TASK STATEMENT: Across the data below, state how many lines hold "current", and reply with nothing but that number.

DATA SHOWN:
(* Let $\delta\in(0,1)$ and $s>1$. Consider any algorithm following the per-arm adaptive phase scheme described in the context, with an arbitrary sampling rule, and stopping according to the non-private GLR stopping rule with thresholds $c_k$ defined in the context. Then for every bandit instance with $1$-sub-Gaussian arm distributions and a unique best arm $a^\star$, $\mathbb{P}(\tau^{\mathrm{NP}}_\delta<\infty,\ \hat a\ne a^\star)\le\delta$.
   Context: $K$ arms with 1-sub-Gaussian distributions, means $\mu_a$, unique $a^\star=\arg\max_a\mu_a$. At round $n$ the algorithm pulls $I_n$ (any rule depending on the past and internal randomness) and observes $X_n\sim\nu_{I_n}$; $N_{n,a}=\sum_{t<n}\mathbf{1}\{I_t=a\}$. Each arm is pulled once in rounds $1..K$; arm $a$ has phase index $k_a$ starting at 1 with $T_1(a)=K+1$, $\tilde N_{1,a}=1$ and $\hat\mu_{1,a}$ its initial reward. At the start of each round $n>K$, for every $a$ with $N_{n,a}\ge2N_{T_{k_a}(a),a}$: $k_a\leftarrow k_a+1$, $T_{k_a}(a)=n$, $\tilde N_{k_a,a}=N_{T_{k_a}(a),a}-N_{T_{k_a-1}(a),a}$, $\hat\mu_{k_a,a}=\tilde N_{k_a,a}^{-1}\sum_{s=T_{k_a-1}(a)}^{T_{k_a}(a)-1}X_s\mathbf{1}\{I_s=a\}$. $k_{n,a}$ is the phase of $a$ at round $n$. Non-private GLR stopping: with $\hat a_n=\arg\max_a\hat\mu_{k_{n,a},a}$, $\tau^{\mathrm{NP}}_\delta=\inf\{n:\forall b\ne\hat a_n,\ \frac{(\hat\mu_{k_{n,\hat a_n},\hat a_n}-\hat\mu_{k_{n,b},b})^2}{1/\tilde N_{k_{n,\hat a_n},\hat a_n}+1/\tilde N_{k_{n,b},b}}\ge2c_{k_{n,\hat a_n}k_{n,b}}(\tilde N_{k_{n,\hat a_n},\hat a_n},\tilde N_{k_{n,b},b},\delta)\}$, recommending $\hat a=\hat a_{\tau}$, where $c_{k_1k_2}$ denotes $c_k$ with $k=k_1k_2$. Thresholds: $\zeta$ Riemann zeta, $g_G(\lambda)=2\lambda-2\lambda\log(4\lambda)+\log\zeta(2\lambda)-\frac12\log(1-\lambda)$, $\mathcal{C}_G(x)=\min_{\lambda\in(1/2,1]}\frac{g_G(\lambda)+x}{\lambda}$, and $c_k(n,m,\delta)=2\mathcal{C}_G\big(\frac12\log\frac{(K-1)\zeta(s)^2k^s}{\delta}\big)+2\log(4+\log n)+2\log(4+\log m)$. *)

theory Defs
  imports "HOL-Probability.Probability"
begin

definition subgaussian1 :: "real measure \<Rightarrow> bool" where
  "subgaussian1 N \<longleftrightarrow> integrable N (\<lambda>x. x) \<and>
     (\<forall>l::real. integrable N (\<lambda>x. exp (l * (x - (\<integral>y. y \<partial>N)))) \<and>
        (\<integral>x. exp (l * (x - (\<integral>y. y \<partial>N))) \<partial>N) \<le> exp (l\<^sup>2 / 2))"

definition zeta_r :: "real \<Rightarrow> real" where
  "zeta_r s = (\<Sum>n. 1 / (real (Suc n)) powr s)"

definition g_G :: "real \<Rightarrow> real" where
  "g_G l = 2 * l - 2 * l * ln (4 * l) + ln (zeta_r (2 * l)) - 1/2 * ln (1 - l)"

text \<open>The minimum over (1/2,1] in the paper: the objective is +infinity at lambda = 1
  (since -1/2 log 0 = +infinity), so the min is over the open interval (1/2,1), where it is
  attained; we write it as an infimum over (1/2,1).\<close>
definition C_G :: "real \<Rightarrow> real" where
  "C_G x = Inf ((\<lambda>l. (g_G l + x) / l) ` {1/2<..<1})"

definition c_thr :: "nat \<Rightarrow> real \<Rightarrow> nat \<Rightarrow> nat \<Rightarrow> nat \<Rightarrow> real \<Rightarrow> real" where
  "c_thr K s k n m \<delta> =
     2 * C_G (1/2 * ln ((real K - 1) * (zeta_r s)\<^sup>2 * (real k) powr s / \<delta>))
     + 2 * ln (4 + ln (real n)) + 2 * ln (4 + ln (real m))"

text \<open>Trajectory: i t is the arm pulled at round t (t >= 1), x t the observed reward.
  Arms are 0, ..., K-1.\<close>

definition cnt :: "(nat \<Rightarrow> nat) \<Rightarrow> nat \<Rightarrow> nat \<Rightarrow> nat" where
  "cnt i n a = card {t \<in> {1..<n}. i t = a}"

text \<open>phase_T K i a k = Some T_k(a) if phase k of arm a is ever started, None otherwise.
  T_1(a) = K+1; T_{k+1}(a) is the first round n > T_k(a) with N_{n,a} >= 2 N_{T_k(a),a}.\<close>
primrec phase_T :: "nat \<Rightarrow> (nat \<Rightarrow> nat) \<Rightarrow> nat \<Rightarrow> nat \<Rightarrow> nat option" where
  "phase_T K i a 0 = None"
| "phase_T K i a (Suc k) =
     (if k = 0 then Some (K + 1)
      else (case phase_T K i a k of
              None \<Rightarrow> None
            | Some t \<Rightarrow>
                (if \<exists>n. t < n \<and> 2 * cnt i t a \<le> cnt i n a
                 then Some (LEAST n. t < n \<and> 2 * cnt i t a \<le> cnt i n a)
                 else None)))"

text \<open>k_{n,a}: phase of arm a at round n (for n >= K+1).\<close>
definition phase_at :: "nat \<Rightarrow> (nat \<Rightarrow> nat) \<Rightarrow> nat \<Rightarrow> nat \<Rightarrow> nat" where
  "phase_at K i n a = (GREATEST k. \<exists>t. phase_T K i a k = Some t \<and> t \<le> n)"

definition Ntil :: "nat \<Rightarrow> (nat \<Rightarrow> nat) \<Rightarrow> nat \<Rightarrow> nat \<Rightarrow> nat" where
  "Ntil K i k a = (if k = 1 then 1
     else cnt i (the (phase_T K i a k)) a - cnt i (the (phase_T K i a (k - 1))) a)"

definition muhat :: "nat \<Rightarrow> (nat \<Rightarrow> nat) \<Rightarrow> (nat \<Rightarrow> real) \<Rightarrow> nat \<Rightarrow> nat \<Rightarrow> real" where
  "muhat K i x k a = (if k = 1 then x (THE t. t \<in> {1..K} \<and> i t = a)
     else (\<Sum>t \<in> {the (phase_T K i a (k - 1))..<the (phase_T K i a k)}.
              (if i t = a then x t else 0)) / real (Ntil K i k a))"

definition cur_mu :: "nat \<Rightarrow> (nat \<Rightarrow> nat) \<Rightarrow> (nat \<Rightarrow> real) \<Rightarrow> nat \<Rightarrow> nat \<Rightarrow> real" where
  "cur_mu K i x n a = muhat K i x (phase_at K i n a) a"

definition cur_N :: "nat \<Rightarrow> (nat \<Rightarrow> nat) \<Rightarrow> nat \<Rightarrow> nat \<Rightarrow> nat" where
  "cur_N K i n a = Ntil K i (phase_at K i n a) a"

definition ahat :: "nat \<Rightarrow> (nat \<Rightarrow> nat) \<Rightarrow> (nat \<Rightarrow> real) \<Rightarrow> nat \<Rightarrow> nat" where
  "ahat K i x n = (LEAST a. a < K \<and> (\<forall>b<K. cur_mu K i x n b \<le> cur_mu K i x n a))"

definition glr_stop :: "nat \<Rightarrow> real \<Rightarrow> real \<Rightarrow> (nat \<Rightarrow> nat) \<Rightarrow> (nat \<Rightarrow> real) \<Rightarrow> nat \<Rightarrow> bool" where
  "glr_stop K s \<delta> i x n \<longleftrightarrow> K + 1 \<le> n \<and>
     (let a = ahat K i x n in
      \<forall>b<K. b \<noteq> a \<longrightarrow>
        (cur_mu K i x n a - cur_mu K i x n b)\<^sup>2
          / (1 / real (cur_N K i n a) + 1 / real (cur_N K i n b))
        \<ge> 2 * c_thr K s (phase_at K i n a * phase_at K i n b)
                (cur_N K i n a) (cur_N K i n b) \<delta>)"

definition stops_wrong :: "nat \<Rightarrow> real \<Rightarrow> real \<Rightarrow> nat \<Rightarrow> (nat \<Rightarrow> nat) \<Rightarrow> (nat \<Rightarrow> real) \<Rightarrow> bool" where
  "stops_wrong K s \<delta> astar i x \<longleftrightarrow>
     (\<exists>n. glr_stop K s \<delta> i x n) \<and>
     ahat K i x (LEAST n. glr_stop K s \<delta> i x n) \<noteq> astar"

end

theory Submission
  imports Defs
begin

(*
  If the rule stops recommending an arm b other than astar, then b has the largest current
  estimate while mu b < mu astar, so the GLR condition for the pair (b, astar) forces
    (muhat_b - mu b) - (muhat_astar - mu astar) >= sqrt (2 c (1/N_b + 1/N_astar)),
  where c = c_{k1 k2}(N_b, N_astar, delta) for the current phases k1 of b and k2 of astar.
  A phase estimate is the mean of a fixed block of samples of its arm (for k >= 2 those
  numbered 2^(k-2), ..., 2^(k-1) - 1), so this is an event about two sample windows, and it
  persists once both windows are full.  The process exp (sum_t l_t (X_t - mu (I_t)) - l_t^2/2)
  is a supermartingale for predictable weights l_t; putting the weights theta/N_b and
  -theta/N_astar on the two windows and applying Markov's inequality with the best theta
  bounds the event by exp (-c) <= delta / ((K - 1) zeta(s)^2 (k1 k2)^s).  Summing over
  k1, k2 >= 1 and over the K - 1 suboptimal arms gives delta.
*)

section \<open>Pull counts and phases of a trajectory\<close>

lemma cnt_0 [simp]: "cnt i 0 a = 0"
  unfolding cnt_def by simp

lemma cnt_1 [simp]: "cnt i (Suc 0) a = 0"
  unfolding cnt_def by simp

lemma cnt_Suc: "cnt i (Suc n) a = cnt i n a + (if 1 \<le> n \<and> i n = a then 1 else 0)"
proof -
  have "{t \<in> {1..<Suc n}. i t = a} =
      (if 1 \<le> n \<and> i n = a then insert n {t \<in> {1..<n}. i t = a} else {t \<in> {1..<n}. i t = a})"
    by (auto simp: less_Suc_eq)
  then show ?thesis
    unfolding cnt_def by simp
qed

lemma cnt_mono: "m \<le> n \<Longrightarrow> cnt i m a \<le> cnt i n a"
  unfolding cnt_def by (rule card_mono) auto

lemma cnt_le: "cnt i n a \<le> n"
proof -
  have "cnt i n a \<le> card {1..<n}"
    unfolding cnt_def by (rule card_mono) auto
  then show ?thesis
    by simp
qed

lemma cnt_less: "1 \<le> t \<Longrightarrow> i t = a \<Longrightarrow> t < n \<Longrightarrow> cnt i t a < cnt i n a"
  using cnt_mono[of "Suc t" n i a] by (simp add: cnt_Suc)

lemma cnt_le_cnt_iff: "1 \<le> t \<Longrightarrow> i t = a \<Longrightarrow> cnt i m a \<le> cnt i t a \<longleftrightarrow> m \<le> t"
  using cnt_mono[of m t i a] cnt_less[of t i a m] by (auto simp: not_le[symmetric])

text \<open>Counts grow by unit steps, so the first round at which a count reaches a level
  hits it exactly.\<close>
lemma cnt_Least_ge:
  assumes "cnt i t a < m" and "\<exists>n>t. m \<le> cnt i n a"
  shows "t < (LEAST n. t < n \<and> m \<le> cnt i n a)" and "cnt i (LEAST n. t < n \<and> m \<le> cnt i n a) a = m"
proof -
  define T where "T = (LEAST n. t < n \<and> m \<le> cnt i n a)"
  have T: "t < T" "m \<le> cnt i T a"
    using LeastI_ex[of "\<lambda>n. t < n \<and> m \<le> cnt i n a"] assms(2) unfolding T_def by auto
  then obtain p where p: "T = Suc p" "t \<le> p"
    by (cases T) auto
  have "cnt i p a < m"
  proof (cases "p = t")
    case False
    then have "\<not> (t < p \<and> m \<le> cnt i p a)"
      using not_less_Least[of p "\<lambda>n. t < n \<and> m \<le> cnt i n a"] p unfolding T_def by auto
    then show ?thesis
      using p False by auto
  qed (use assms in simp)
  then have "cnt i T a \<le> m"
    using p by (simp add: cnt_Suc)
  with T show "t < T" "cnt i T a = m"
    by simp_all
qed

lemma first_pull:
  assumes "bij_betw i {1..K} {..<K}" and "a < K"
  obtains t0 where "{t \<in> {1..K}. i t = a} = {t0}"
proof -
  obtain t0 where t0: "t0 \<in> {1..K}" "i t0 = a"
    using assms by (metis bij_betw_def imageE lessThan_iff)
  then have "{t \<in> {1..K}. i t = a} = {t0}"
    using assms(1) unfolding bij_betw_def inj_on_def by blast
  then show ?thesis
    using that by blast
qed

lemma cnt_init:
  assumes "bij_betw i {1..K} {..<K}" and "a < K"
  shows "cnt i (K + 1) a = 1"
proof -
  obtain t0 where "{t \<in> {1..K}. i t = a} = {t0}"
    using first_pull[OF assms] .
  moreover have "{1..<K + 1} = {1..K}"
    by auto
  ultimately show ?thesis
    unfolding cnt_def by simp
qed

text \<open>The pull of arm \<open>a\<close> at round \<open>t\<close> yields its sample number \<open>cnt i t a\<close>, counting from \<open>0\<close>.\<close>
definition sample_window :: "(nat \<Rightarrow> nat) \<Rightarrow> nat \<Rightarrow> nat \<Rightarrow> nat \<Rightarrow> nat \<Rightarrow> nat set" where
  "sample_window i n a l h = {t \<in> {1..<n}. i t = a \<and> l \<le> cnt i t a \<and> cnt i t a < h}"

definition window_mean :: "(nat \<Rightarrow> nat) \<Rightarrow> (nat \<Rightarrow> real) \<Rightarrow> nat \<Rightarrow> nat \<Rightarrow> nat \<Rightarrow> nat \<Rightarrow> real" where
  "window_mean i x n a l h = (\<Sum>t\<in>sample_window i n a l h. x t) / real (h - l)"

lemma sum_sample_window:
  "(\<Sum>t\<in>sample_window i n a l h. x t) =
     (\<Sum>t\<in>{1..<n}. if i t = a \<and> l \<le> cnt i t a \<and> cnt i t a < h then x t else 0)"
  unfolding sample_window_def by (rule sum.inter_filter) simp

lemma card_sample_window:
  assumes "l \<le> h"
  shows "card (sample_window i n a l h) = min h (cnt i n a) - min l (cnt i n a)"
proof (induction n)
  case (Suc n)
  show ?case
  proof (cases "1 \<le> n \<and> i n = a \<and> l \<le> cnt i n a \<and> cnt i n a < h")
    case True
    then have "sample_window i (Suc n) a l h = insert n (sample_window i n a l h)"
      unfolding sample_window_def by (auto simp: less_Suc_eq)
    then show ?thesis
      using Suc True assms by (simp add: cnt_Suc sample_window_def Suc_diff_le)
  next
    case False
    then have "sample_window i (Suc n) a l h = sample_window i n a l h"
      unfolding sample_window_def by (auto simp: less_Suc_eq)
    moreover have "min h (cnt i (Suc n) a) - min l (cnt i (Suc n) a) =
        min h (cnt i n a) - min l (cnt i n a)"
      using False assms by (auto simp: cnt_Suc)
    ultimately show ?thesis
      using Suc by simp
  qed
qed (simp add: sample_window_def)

ANSWER BELOW: 2